Dozens of people were believed to be trapped in the rubble of several hotels and a shopping center in the city of Palu on Sulawesi, about 930 miles from Jakarta, while hundreds more were feared buried in landslides that buried villages, Reuters reported.

Of particular concern is Donggala, a region of about 300,000 residents north of Palu that is close to the epicenter of the quake, which triggered a tsunami with waves as high as 20 feet.

Adding to the anguish was a report by a German research center that developed a warning system used by Indonesia that the tsunami alert to some residents of Sulawesi failed after the quake hit Friday.

“The problem was the communication between local authorities and people, for example on the beach, such as in Sulawesi,” Joern Lauterjung, a director at GFZ, told Reuters TV.

“If you look at the entire warning chain from the creation of a warning signal up to the last mile, as we call it, up to the local population in danger, there was a problem there,” he said.

“For example, it appears sirens did not work and there were no warnings via loudspeaker vans from police to the local population,” he added.

Widjo Kongko, a tsunami expert with the country’s technology agency, also described the patchy early warning system.

“There was no information about a tsunami recorded by the tide-monitoring station in Palu because it was not working,” he told Agence France-Presse.

The station, which tracks changes in tides, should have detected if destructive waves were headed for the city.

Indonesia’s geophysics agency did issue a tsunami warning but lifted it soon afterward. It was only later that images emerged of a surging wall of water slamming into the coast, flattening buildings and overturning vehicles.

One woman was rescued alive from ruins overnight in the Palu neighborhood of Balaroa, where about 1,700 houses were swallowed up by liquefied soil, the national rescue agency said.

“We don’t know how many victims could be buried there, it’s estimated hundreds,” said Sutopo Purwo Nugroho, a spokesman for the National Disaster Mitigation Agency.

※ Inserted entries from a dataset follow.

(* Let $n>1$ be an integer with prime factorization $n=\prod_{i=1}^{\ell}p_i^{a_i}$, where $p_1<p_2<\cdots<p_\ell$ are primes and each $a_i\ge 1$. Then $F_n=D_n$ if and only if \[ p_i-1=\prod_{j=1}^{i-1}p_j^{a_j}\quad\text{for all }1\le i\le \ell \] (for $i=1$ the empty product is $1$, so the condition says $p_1=2$).
   Context: For a composite integer $n$, let $d(n)$ denote the largest divisor of $n$ with $1<d(n)<n$. Define $f$ on integers $n>1$ by $f(n)=n-1$ if $n$ is prime and $f(n)=n-d(n)$ if $n$ is composite. Let $f^{(0)}(n)=n$ and $f^{(i)}=f\circ f^{(i-1)}$ for $i\ge1$. Since $f(m)<m$ for all $m>1$, iterating $f$ from $n$ eventually reaches $1$; define $F_n=\{n,f(n),f^{(2)}(n),\dots,1\}$ to be the set of all iterates up to and including the first occurrence of $1$. Let $D_n$ denote the set of all positive divisors of $n$. *)

theory Defs
  imports "HOL-Computational_Algebra.Primes"
begin

definition lpd :: "nat \<Rightarrow> nat" where
  "lpd n = (GREATEST d. d dvd n \<and> 1 < d \<and> d < n)"

definition fmap :: "nat \<Rightarrow> nat" where
  "fmap n = (if prime n then n - 1 else n - lpd n)"

definition Fset :: "nat \<Rightarrow> nat set" where
  "Fset n = {(fmap ^^ i) n | i. i \<le> (LEAST k. (fmap ^^ k) n = 1)}"

definition Dset :: "nat \<Rightarrow> nat set" where
  "Dset n = {d. d dvd n}"

end

theory Submission
  imports Defs
begin

text \<open>With p the least prime factor of n, f(n) = (n/p)(p - 1). If no prime factor of d exceeds p,
then f(d p^k) = f(d) p^k, so the trajectory of d p^k is p^k times the trajectory of d followed by
the trajectory of p^k, and the latter consists of p^k and the numbers x p^j (j < k) with x on the
trajectory of p - 1. Writing n = m p^a with p^a the largest prime power of n, this gives
F_n = D_n exactly when F_m = D_m and p - 1 = m, and induction on n yields the theorem.\<close>

definition min_prime_factor :: "nat \<Rightarrow> nat" where
  "min_prime_factor n = Min (prime_factors n)"
lemma blockdet_bigblock:
  assumes e: "e \<subseteq> Hk m" and card_e: "card e = m^2" and square: "\<forall>y\<in>e. Jc J k y \<in> square m"
  shows "\<exists>c. blockdet m \<phi> hs J k e = Poly_Mapping.single (Poly_Mapping.single (k, mid m) 1) c \<and>
           (c \<noteq> 0 \<longleftrightarrow> bij_betw (Jc J k) e (square m))"
proof -
  obtain cols where cols: "bij_betw ((!) cols) {0..<m^2} e"
    and det: "blockdet m \<phi> hs J k e = det (mat (m^2) (m^2) (\<lambda>(r, c). Avec m \<phi> k (Jc J k (cols ! c)) (r + 1)))"
    using blockdet_eq_det_nth[OF e, of J k] card_e by metis
  show ?thesis
  proof (cases "bij_betw (Jc J k) e (square m)")
    case True
    then have "bij_betw (\<lambda>c. Jc J k (cols ! c)) {0..<m^2} (square m)"
      using bij_betw_trans[OF cols True] by (simp add: comp_def)
    then obtain s :: int where s: "s = 1 \<or> s = -1"
      and "blockdet m \<phi> hs J k e = of_int s * Xv k (mid m)"
      using det_Avec_bij det by metis
    then show ?thesis
      using True by (intro exI[of _ "of_int s"]) (auto simp: Xv_def of_int_mult_single_one)
  next
    case False
    have "card (square m) = m^2"
      by (simp add: square_def power2_eq_square)
    then have "\<not> inj_on (Jc J k) e"
      using False square card_e inj_on_imp_bij_betw_card[of "square m" "Jc J k" e]
      by (auto simp: square_def)
    then have "\<not> inj_on (\<lambda>c. Jc J k (cols ! c)) {0..<m^2}"
      using inj_on_imageI[of "Jc J k" "(!) cols" "{0..<m^2}"] bij_betw_imp_surj_on[OF cols]
      by (auto simp: comp_def)
    then have "blockdet m \<phi> hs J k e = 0"
      using det det_mat_non_injective_columns[where f = "\<lambda>p r. Avec m \<phi> k p (r + 1)"] by simp
    then show ?thesis
      using False by (intro exI[of _ 0]) simp
  qed
qed

lemma blockdet_singleton:
  assumes y: "y \<in> Hk m" and square: "Jc J k y \<in> square m"
  shows "\<exists>c. blockdet m \<phi> hs J k {y} = Poly_Mapping.single (Poly_Mapping.single (k, fst (Jc J k y)) 1) c \<and>
           (c \<noteq> 0 \<longleftrightarrow> antidiagonal m (Jc J k y))"
proof -
  obtain cols where "bij_betw ((!) cols) {0..<1} {y}"
    and det: "blockdet m \<phi> hs J k {y} = det (mat 1 1 (\<lambda>(r, c). Avec m \<phi> k (Jc J k (cols ! c)) (r + 1)))"
    using blockdet_eq_det_nth[of "{y}" J k] y by auto
  then have "cols ! 0 = y"
    by (auto simp: bij_betw_def)
  then have "blockdet m \<phi> hs J k {y} = Avec m \<phi> k (Jc J k y) 1"
    using det by (subst (asm) det_single) auto
  also have "\<dots> = (if antidiagonal m (Jc J k y) then Xv k (fst (Jc J k y)) else 0)"
    by (rule Avec_first_row[OF square])
  finally show ?thesis
    by (auto simp: Xv_def)
qed

end

lemma lookup_sum_single_range:
  "Poly_Mapping.lookup (\<Sum>j\<in>{1..m::nat}. Poly_Mapping.single (k, j) (d j :: nat)) (k', i) =
     (if k = k' \<and> i \<in> {1..m} then d i else 0)"
proof -
  have "Poly_Mapping.lookup (\<Sum>j\<in>{1..m}. Poly_Mapping.single (k, j) (d j)) (k', i) =
      (\<Sum>j\<in>{1..m}. if k = k' \<and> j = i then d j else 0)"
    unfolding lookup_sum by (intro sum.cong refl) (auto simp: lookup_single when_def)
  also have "\<dots> = (if k = k' \<and> i \<in> {1..m} then d i else 0)"
    by (cases "k = k'") simp_all
  finally show ?thesis .
qed

lemma exponent_eq_monoX_iff:
  assumes range: "\<And>k y. k \<in> {1, 2, 3} \<Longrightarrow> y \<in> V m k \<Longrightarrow> f k y \<in> {1..m}"
  shows "(\<Sum>k\<in>{1, 2, 3}. Poly_Mapping.single (k, mid m) 1 +
        (\<Sum>y\<in>V m k. Poly_Mapping.single (k, f k y) 1)) = monoX m \<longleftrightarrow>
      (\<forall>k\<in>{1, 2, 3}. \<forall>i\<in>{1..m}. card {y \<in> V m k. f k y = i} = nat \<bar>int i - int (bar m i)\<bar>)"
    (is "?lhs = monoX m \<longleftrightarrow> _")
proof -
  define d where "d i = nat \<bar>int i - int (bar m i)\<bar>" for i
  have lhs: "Poly_Mapping.lookup ?lhs (k', i) = (\<Sum>k\<in>{1, 2, 3}.
      if k = k' then (if mid m = i then 1 else 0) + card {y \<in> V m k. f k y = i} else 0)" for k' i
    by (simp add: lookup_sum lookup_add lookup_single when_def sum.If_cases Int_def conj_commute finite_V)
  have rhs: "Poly_Mapping.lookup (monoX m) (k', i) = (\<Sum>k\<in>{1, 2, 3}.
      if k = k' then (if mid m = i then 1 else 0) + (if i \<in> {1..m} then d i else 0) else 0)" for k' i
    unfolding monoX_def d_def[symmetric]
    by (simp add: lookup_sum lookup_add lookup_sum_single_range lookup_single when_def)
  have outside: "card {y \<in> V m k. f k y = i} = 0" if "k \<in> {1, 2, 3}" "i \<notin> {1..m}" for k i
  proof -
    have "{y \<in> V m k. f k y = i} = {}"
      using range that by fastforce
    then show ?thesis
      by (simp only: card.empty)
  qed
  have "?lhs = monoX m \<longleftrightarrow> (\<forall>k' i. Poly_Mapping.lookup ?lhs (k', i) = Poly_Mapping.lookup (monoX m) (k', i))"
    by (simp add: lookup_inject[symmetric] fun_eq_iff)
  also have "\<dots> \<longleftrightarrow>
      (\<forall>k\<in>{1, 2, 3}. \<forall>i. card {y \<in> V m k. f k y = i} = (if i \<in> {1..m} then d i else 0))"
    unfolding lhs rhs by (auto simp: sum.delta)
  also have "\<dots> \<longleftrightarrow> (\<forall>k\<in>{1, 2, 3}. \<forall>i\<in>{1..m}. card {y \<in> V m k. f k y = i} = d i)"
    using outside by auto
  finally show ?thesis
    unfolding d_def .
qed
lemma shapley_rgame_single_edge:
  assumes "{x, y} \<in> E" "x \<noteq> y" "z \<in> {x, y}"
  shows "shapley z {x, y} (rgame \<delta> E {{x, y}}) = \<delta>"
proof -
  have "shapley x {x, y} (rgame \<delta> E {{x, y}}) = \<delta>" if "{x, y} \<in> E" "x \<noteq> y" for x y
    using that by (simp add: shapley_two rgame_edge rgame_eq_0_if_no_conference)
  from this[of x y] this[of y x] assms show ?thesis
    by (auto simp: insert_commute)
qed

lemma cs_beta_antimono: "1 \<le> m \<Longrightarrow> m \<le> n \<Longrightarrow> cs_beta n \<le> cs_beta m"
  unfolding cs_beta_def by (intro divide_left_mono mult_mono) auto

lemma ex_cs_beta_le:
  assumes "0 < b"
  shows "\<exists>N\<ge>1. cs_beta N \<le> b"
proof -
  obtain n where n: "inverse (real (Suc n)) < b"
    using reals_Archimedean assms by blast
  have "cs_beta (Suc n) \<le> inverse (real (Suc n))"
    unfolding cs_beta_def inverse_eq_divide
    by (intro divide_left_mono mult_pos_pos) (auto simp: algebra_simps)
  with n show ?thesis
    by (intro exI[of _ "Suc n"]) auto
qed

lemma cs_N_eq_Least:
  assumes "0 < b"
  shows "cs_N b = (LEAST N. 1 \<le> N \<and> cs_beta N \<le> b)"
  unfolding cs_N_def
proof (rule the_equality)
  define L where "L = (LEAST N. 1 \<le> N \<and> cs_beta N \<le> b)"
  have L: "1 \<le> L" "cs_beta L \<le> b"
    using LeastI_ex[OF ex_cs_beta_le[OF assms]] unfolding L_def by auto
  have "\<not> (1 \<le> L - 1 \<and> cs_beta (L - 1) \<le> b)" if "L \<noteq> 1"
    using L(1) that unfolding L_def
    by (intro not_less_Least[where P = "\<lambda>N. 1 \<le> N \<and> cs_beta N \<le> b"]) simp
  with L show "1 \<le> L \<and> cs_beta L \<le> b \<and> (L = 1 \<or> b < cs_beta (L - 1))"
    by (cases "L = 1") auto
  fix N assume N: "1 \<le> N \<and> cs_beta N \<le> b \<and> (N = 1 \<or> b < cs_beta (N - 1))"
  then have "L \<le> N"
    unfolding L_def by (intro Least_le) auto
  moreover have "\<not> L < N"
  proof
    assume "L < N"
    then have "cs_beta (N - 1) \<le> cs_beta L"
      using L(1) by (intro cs_beta_antimono) auto
    with \<open>L < N\<close> N L show False
      by auto
  qed
  ultimately show "N = L"
    by simp
qed

lemma cs_N_antimono:
  assumes "0 < b" "b \<le> b'"
  shows "cs_N b' \<le> cs_N b"
proof -
  have "1 \<le> cs_N b \<and> cs_beta (cs_N b) \<le> b"
    using LeastI_ex[OF ex_cs_beta_le[OF assms(1)]] cs_N_eq_Least[OF assms(1)] by simp
  then show ?thesis
    using assms cs_N_eq_Least[of b'] by (auto intro: Least_le)
qed

context
  fixes a b c :: 'a and E :: "'a set set"
  assumes distinct: "distinct [a, b, c]"
    and path_edges: "E = {{a, b}, {b, c}}"
begin

lemma path_vertices_ne: "a \<noteq> b" "a \<noteq> c" "b \<noteq> c" "b \<noteq> a" "c \<noteq> a" "c \<noteq> b"
  using distinct by auto

lemma path_edge_memberships:
  "{a, b} \<in> E" "{b, a} \<in> E" "{b, c} \<in> E" "{c, b} \<in> E" "{a, c} \<notin> E" "{c, a} \<notin> E"
  using path_edges path_vertices_ne by (auto simp: doubleton_eq_iff)

lemma rgame_path:
  assumes "C \<subseteq> {a, b, c}"
  shows "rgame \<delta> E E C =
    (if {a, b, c} \<subseteq> C then 4 * \<delta> + 2 * \<delta>\<^sup>2
     else if {a, b} \<subseteq> C \<or> {b, c} \<subseteq> C then 2 * \<delta> else 0)"
proof -
  have "C \<in> Pow {a, b, c}"
    using assms by simp
  then have "C \<in> {{a, b, c}, {a, b}, {b, c}, {}, {a}, {b}, {c}, {a, c}}"
    by (simp add: Pow_insert insert_commute)
  then consider "C = {a, b, c}" | "C = {a, b}" | "C = {b, c}" | "\<forall>h\<in>E. \<not> h \<subseteq> C"
    using distinct path_edges by auto
  then show ?thesis
  proof cases
    case 1
    have linked_to_b: "(x, b) \<in> conf_rel E C \<and> (b, x) \<in> conf_rel E C" if "x \<in> C" for x
      using that 1 path_edges conf_rel_if_conference[of "{a, b}" E C] conf_rel_if_conference[of "{b, c}" E C]
      by auto
    have "C \<times> C \<subseteq> conf_rel E C"
      using linked_to_b trans_conf_rel[of E C] by (auto elim: transE)
    with 1 distinct path_edges show ?thesis
      by (subst rgame_eq_vG_if_connected) (auto simp: vG_path3 doubleton_eq_iff)
  next
    case 2
    with path_edges show ?thesis
      by (simp add: rgame_edge path_vertices_ne)
  next
    case 3
    with path_edges show ?thesis
      by (simp add: rgame_edge path_vertices_ne)
  next
    case 4
    with path_edges show ?thesis
      by (auto simp: rgame_eq_0_if_no_conference)
  qed
qed

lemma shapley_path:
  "shapley a {a, b, c} (rgame \<delta> E E) = \<delta> + 2 / 3 * \<delta>\<^sup>2"
  "shapley b {a, b, c} (rgame \<delta> E E) = 2 * \<delta> + 2 / 3 * \<delta>\<^sup>2"
  "shapley c {a, b, c} (rgame \<delta> E E) = \<delta> + 2 / 3 * \<delta>\<^sup>2"
proof -
  have bac: "{a, b, c} = {b, a, c}" and cab: "{a, b, c} = {c, a, b}"
    by auto
  show "shapley a {a, b, c} (rgame \<delta> E E) = \<delta> + 2 / 3 * \<delta>\<^sup>2"
    by (simp add: shapley_three rgame_path path_vertices_ne)
  show "shapley b {a, b, c} (rgame \<delta> E E) = 2 * \<delta> + 2 / 3 * \<delta>\<^sup>2"
    unfolding bac by (simp add: shapley_three rgame_path path_vertices_ne)
  show "shapley c {a, b, c} (rgame \<delta> E E) = \<delta> + 2 / 3 * \<delta>\<^sup>2"
    unfolding cab by (simp add: shapley_three rgame_path path_vertices_ne)
qed

lemma bpow_path:
  assumes "i \<in> {a, b, c}" "j \<in> {a, b, c}" "i \<noteq> j"
  shows "bpow \<delta> E E {a, b, c} j i = (if {i, j} \<in> E then \<delta> else 0) + 2 / 3 * \<delta>\<^sup>2"
proof -
  have remove: "{a, b, c} - {a} = {b, c}" "{a, b, c} - {b} = {a, c}" "{a, b, c} - {c} = {a, b}"
    using path_vertices_ne by auto
  have restr: "restr E {b, c} = {{b, c}}" "restr E {a, c} = {}" "restr E {a, b} = {{a, b}}"
    using path_vertices_ne path_edges by (auto simp: restr_def)
  show ?thesis
    using assms unfolding bpow_def
    by (auto simp: remove restr shapley_path shapley_rgame_single_edge shapley_rgame_no_conferences
        path_vertices_ne path_edge_memberships)
qed

lemma bpow_path_role_sum:
  assumes "distinct [S, R, W]" "{S, R, W} = {a, b, c}"
  shows "bpow \<delta> E E {a, b, c} S R + bpow \<delta> E E {a, b, c} S W + bpow \<delta> E E {a, b, c} W R
    = 2 * \<delta> + 2 * \<delta>\<^sup>2"
proof -
  have roles: "S \<in> {a, b, c}" "R \<in> {a, b, c}" "W \<in> {a, b, c}"
    using assms(2) by auto
  show ?thesis
    using assms roles
    by (auto simp: bpow_path path_vertices_ne path_edge_memberships)
qed

end

theorem proposition2:
  fixes \<delta> :: real and a b c S R W :: 'a and V :: "'a set" and E H :: "'a set set"
  assumes "0 < \<delta>" "\<delta> < 1"
    and "distinct [a, b, c]"
    and "V = {a, b, c}"
    and "E = {{a, b}, {b, c}}"
    and "H = {{i, j} | i j. {i, j} \<in> E}"
    and "distinct [S, R, W]" "{S, R, W} = V"
  shows "b_eff \<delta> E H V S R {W} = (bpow \<delta> E H V S R + bpow \<delta> E H V S W + bpow \<delta> E H V W R) / 2
    \<and> (bpow \<delta> E H V S R + bpow \<delta> E H V S W + bpow \<delta> E H V W R) / 2 = \<delta> + \<delta>\<^sup>2
    \<and> cs_N (\<delta> + \<delta>\<^sup>2) \<le> cs_N \<delta>
    \<and> cs_N (\<delta> + \<delta>\<^sup>2) \<le> cs_N (\<delta> + 2 / 3 * \<delta>\<^sup>2)"
proof (intro conjI)
  show "b_eff \<delta> E H V S R {W} = (bpow \<delta> E H V S R + bpow \<delta> E H V S W + bpow \<delta> E H V W R) / 2"
    unfolding b_eff_def by (simp add: add.assoc)
  have "H = E"
    using assms(5,6) by blast
  then show "(bpow \<delta> E H V S R + bpow \<delta> E H V S W + bpow \<delta> E H V W R) / 2 = \<delta> + \<delta>\<^sup>2"
    using bpow_path_role_sum[OF assms(3,5,7)] assms(4,8) by simp
  have "0 < \<delta>\<^sup>2"
    using assms(1) by simp
  then show "cs_N (\<delta> + \<delta>\<^sup>2) \<le> cs_N \<delta>" "cs_N (\<delta> + \<delta>\<^sup>2) \<le> cs_N (\<delta> + 2 / 3 * \<delta>\<^sup>2)"
    using assms(1) by (intro cs_N_antimono; linarith)+
qed

end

All but 23 of the deaths were in Palu, where workers were preparing a mass grave to bury the dead as soon as they were identified.

People suffering from a lack of food also were becoming more desperate Monday.

Local media reported that about 3,000 residents had flocked to the Palu airport trying to get out. TV images showed some people screaming in anger because they were unable to board departing military aircraft.

“We have not eaten for three days!” one woman yelled. “We just want to be safe!”

Meanwhile, Indonesian President Joko “Jokowi” Widodo authorized the acceptance of aid from abroad, said disaster agency spokesman Sutopo Purwo Nugroho.

He said the European Union and 10 countries have offered assistance, including the United States, Australia and China.

“We will send food today, as much as possible with several aircraft,” Widodo told reporters in the capital of Jakarta.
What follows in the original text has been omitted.